A simple stateful filter will do the trick.

in_string  = False
input_str  = 'foo,bar,\n"hihi","hi\nhi"'
output_str = ''

for ch in input_str:
    if ch == '"': in_string = not in_string
    if ch == '\n' and in_string: continue
    output_str += ch

print output_str
Cat Plus Plus
  • 125,936
  • 27
  • 200
  • 224
  • Since I'm a total newbie to Python and your code is the only one that works: Thank you, answer accepted. – Cybrix Jul 19 '11 at 21:07
  • 1
    It's the least efficient solution on this page. Think 40MB of data without any double quotes. – Omri Barel Jul 19 '11 at 21:18
2
>>> str = "foo,bar,\n\"hihi\",\"hi\nhi\""
>>> re.sub(r'".*?"', lambda x: x.group(0).replace('\n',''), str, flags=re.S)
'foo,bar,\n"hihi","hihi"'
>>>

Short explanation:

  1. re.sub is a substitution engine. It takes a regular expression, a substitution function or expression, a string to work on, and other options.
  2. The regular expression ".*?" catches strings in double quotes that don't in themselves contain other double quotes (it has a small bug, because it wouldn't catch strings which contain escaped double-quotes).
  3. lambda x: ... is an expression which can be used wherever a function can be used.
  4. The substitution engine calls the function with the match object. x.group(0) is "the whole matched string", which also includes the double quotes. x.group(0) is the matched string with '\n' substituted for ''.
  5. The flag re.S tells re.sub that '\n' is a valid character to catch with a dot.

Personally I find longer functions that say the same thing more tiring and less readable, in the same way that in C I would prefer i++ to i = i + 1. It's all about what one is used to reading.

Omri Barel
  • 9,182
  • 3
  • 29
  • 22
  • 1
    +1, but it needs explanation, especially since the OP is new to Python. – Andrew Clark Jul 19 '11 at 21:02
  • Ugh, I would prefer a 6 line function than this unreadable mess. – orlp Jul 19 '11 at 21:03
  • Eli Collins wrote essentially the same, using an explicit function rather than a lambda expression.

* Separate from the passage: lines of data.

lemma Cinf_on_directional_derivative:
  assumes "Cinf_on U f" "open U" "p \<in> U"
  shows "((\<lambda>t. f (p + of_real t * v)) has_real_derivative grad f p \<bullet> v) (at 0)"
proof -
  have "((\<lambda>t. p + of_real t * v) has_derivative (\<lambda>t. of_real t * v)) (at 0)"
    by (intro derivative_eq_intros) auto
  moreover have "(f has_derivative (\<lambda>h. grad f p \<bullet> h)) (at (p + of_real 0 * v))"
    using Cinf_on_has_derivative[OF assms] by simp
  ultimately have "((\<lambda>t. f (p + of_real t * v)) has_derivative (\<lambda>t. grad f p \<bullet> (of_real t * v))) (at 0)"
    by (rule has_derivative_compose)
  moreover have "(\<lambda>t. grad f p \<bullet> (of_real t * v)) = (*) (grad f p \<bullet> v)"
    by (simp add: fun_eq_iff inner_complex_def algebra_simps)
  ultimately show ?thesis
    by (simp add: has_field_derivative_def)
qed

section \<open>Defining functions and the outward normal\<close>

lemma local_defining_functionD:
  assumes "local_defining_function \<Omega> p U \<rho>"
  shows "open U" "p \<in> U" "Cinf_on U \<rho>" "\<And>z. z \<in> U \<Longrightarrow> grad \<rho> z \<noteq> 0"
    "\<And>z. z \<in> U \<Longrightarrow> z \<in> \<Omega> \<longleftrightarrow> \<rho> z < 0"
  using assms unfolding local_defining_function_def by blast+

lemma smoothly_boundedD:
  assumes "smoothly_bounded \<Omega>"
  shows "open \<Omega>" "bounded \<Omega>" "\<And>p. p \<in> frontier \<Omega> \<Longrightarrow> \<exists>U \<rho>. local_defining_function \<Omega> p U \<rho>"
  using assms unfolding smoothly_bounded_def by blast+

lemma local_defining_function_zero:
  assumes L: "local_defining_function \<Omega> \<sigma> U \<rho>" and "open \<Omega>" "\<sigma> \<in> frontier \<Omega>"
  shows "\<rho> \<sigma> = 0"
proof -
  note F = local_defining_functionD[OF L]
  have "\<sigma> \<notin> \<Omega>"
    using assms frontier_disjoint_eq by blast
  then have "\<rho> \<sigma> \<ge> 0"
    using F(2,5) by force
  moreover have "\<rho> \<sigma> \<le> 0"
  proof -
    have "\<sigma> \<in> closure \<Omega>"
      using \<open>\<sigma> \<in> frontier \<Omega>\<close> by (simp add: frontier_def)
    then obtain x where x: "\<And>n. x n \<in> \<Omega>" "x \<longlonglongrightarrow> \<sigma>"
      using closure_sequential by blast
    have "isCont \<rho> \<sigma>"
      using Cinf_on_continuous_on[OF F(3), of "[]"] F(1,2) by (simp add: continuous_on_eq_continuous_at)
    then have "(\<lambda>n. \<rho> (x n)) \<longlonglongrightarrow> \<rho> \<sigma>"
      using isCont_tendsto_compose x(2) by blast
    moreover have "eventually (\<lambda>n. x n \<in> U) sequentially"
      using topological_tendstoD[OF x(2) F(1,2)] .
    then have "eventually (\<lambda>n. \<rho> (x n) \<le> 0) sequentially"
      by eventually_elim (use x(1) F(5) in force)
    ultimately show ?thesis
      using tendsto_upperbound by fastforce
  qed
  ultimately show ?thesis by simp
qed

lemma local_defining_function_ray:
  assumes L: "local_defining_function \<Omega> \<sigma> U \<rho>" and "\<rho> \<sigma> = 0"
  shows ray_eventually_in: "grad \<rho> \<sigma> \<bullet> v < 0 \<Longrightarrow> eventually (\<lambda>t. \<sigma> + of_real t * v \<in> \<Omega>) (at_right 0)"
    and ray_eventually_notin: "grad \<rho> \<sigma> \<bullet> v > 0 \<Longrightarrow> eventually (\<lambda>t. \<sigma> + of_real t * v \<notin> \<Omega>) (at_right 0)"
proof -
  note F = local_defining_functionD[OF L]
  have D: "((\<lambda>t. \<rho> (\<sigma> + of_real t * v)) has_real_derivative grad \<rho> \<sigma> \<bullet> v) (at 0)"
    using Cinf_on_directional_derivative[OF F(3,1,2)] .
  have "((\<lambda>t. \<sigma> + of_real t * v) \<longlongrightarrow> \<sigma>) (at_right 0)"
    by (auto intro!: tendsto_eq_intros)
  then have in_U: "eventually (\<lambda>t. \<sigma> + of_real t * v \<in> U) (at_right 0)"
    using topological_tendstoD F(1,2) by blast
  show "eventually (\<lambda>t. \<sigma> + of_real t * v \<in> \<Omega>) (at_right 0)" if neg: "grad \<rho> \<sigma> \<bullet> v < 0"
  proof -
    obtain d where "d > 0" "\<And>h. 0 < h \<Longrightarrow> h < d \<Longrightarrow> \<rho> (\<sigma> + of_real h * v) < 0"
      using DERIV_neg_dec_right[OF D neg] \<open>\<rho> \<sigma> = 0\<close> by auto
    then have "eventually (\<lambda>t. \<rho> (\<sigma> + of_real t * v) < 0) (at_right 0)"
      unfolding eventually_at_right_field by blast
    with in_U show ?thesis
      by eventually_elim (use F(5) in blast)
  qed
  show "eventually (\<lambda>t. \<sigma> + of_real t * v \<notin> \<Omega>) (at_right 0)" if pos: "grad \<rho> \<sigma> \<bullet> v > 0"
  proof -
    obtain d where "d > 0" "\<And>h. 0 < h \<Longrightarrow> h < d \<Longrightarrow> \<rho> (\<sigma> + of_real h * v) > 0"
      using DERIV_pos_inc_right[OF D pos] \<open>\<rho> \<sigma> = 0\<close> by auto
    then have "eventually (\<lambda>t. \<rho> (\<sigma> + of_real t * v) > 0) (at_right 0)"
      unfolding eventually_at_right_field by blast
    with in_U show ?thesis
      by eventually_elim (use F(5) in force)
  qed
qed

lemma sgn_eq_if_inner_neg_imp_nonpos:
  fixes a b :: "'a::real_inner"
  assumes "a \<noteq> 0" "b \<noteq> 0" and neg_imp_nonpos: "\<And>v. a \<bullet> v < 0 \<Longrightarrow> b \<bullet> v \<le> 0"
  shows "sgn a = sgn b"
proof (rule ccontr)
  define u where "u = sgn a"
  define w where "w = sgn b"
  assume "sgn a \<noteq> sgn b"
  have unit: "u \<bullet> u = 1" "w \<bullet> w = 1"
    using assms(1,2) by (simp_all add: u_def w_def dot_square_norm norm_sgn)
  from \<open>sgn a \<noteq> sgn b\<close> have "0 < (norm (u - w))\<^sup>2"
    by (simp add: u_def w_def)
  also have "\<dots> = u \<bullet> u - 2 * (u \<bullet> w) + w \<bullet> w"
    by (simp add: power2_norm_eq_inner inner_diff_left inner_diff_right inner_commute)
  finally have uw: "u \<bullet> w < 1"
    using unit by simp
  have a_eq: "a = norm a *\<^sub>R u" and b_eq: "b = norm b *\<^sub>R w"
    using assms(1,2) by (simp_all add: u_def w_def sgn_div_norm)
  have "a \<bullet> (w - u) = norm a * (u \<bullet> w - 1)"
    by (subst a_eq) (simp add: inner_diff_right unit right_diff_distrib)
  also have "\<dots> < 0"
    using assms(1) uw by (simp add: mult_pos_neg)
  finally have "b \<bullet> (w - u) \<le> 0"
    by (rule neg_imp_nonpos)
  moreover have "b \<bullet> (w - u) = norm b * (1 - w \<bullet> u)"
    by (subst b_eq) (simp add: inner_diff_right unit right_diff_distrib)
  moreover have "norm b * (1 - w \<bullet> u) > 0"
    using assms(2) uw by (simp add: inner_commute)
  ultimately show False
    by simp
qed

Why do you think that this is unreadable? re.sub has many option for a reason. – Omri Barel Jul 19 '11 at 21:06
2

Quick note: Python strings can use '' or "" as delimiters, so it's common practice to use one when the other is inside your string, for readability. Eg: 'foo,bar,\n"hihi","hi\nhi"'. On to the question...

You probably want the python regexp module: re. In particular, the substitution function is what you want here. There are a bunch of ways to do it, but one quick option is to use a regexp that identifies the "" substrings, then calls a helper function to strip any \n out of them...

import re
def helper(match):
    return match.group().replace("\n","")
input = 'foo,bar,\n"hihi","hi\nhi"'
result = re.sub('(".*?")', helper, input, flags=re.S)
Eli Collins
  • 8,375
  • 2
  • 34
  • 38
1

This regex works (assuming that quotes are correctly balanced):

import re
result = re.sub(r"""(?x) # verbose regex
    \n        # Match a newline
    (?!       # only if it is not followed by
     (?: 
      [^"]*"  # an even number of quotes
      [^"]*"  # (and any other non-quote characters)
     )*       # (yes, zero counts, too)
     [^"]*
     \z       # until the end of the string.
    )""", 
    "", str)
Tim Pietzcker
  • 328,213
  • 58
  • 503
  • 561
0

Something like this

Break the CSV data into columns.

>>> m=re.findall(r'(".*?"|[^"]*?)(,\s*|\Z)',s,re.M|re.S)
>>> m
[('foo', ','), ('bar', ',\n'), ('"hihi"', ','), ('"hi\nhi"', ''), ('', '')]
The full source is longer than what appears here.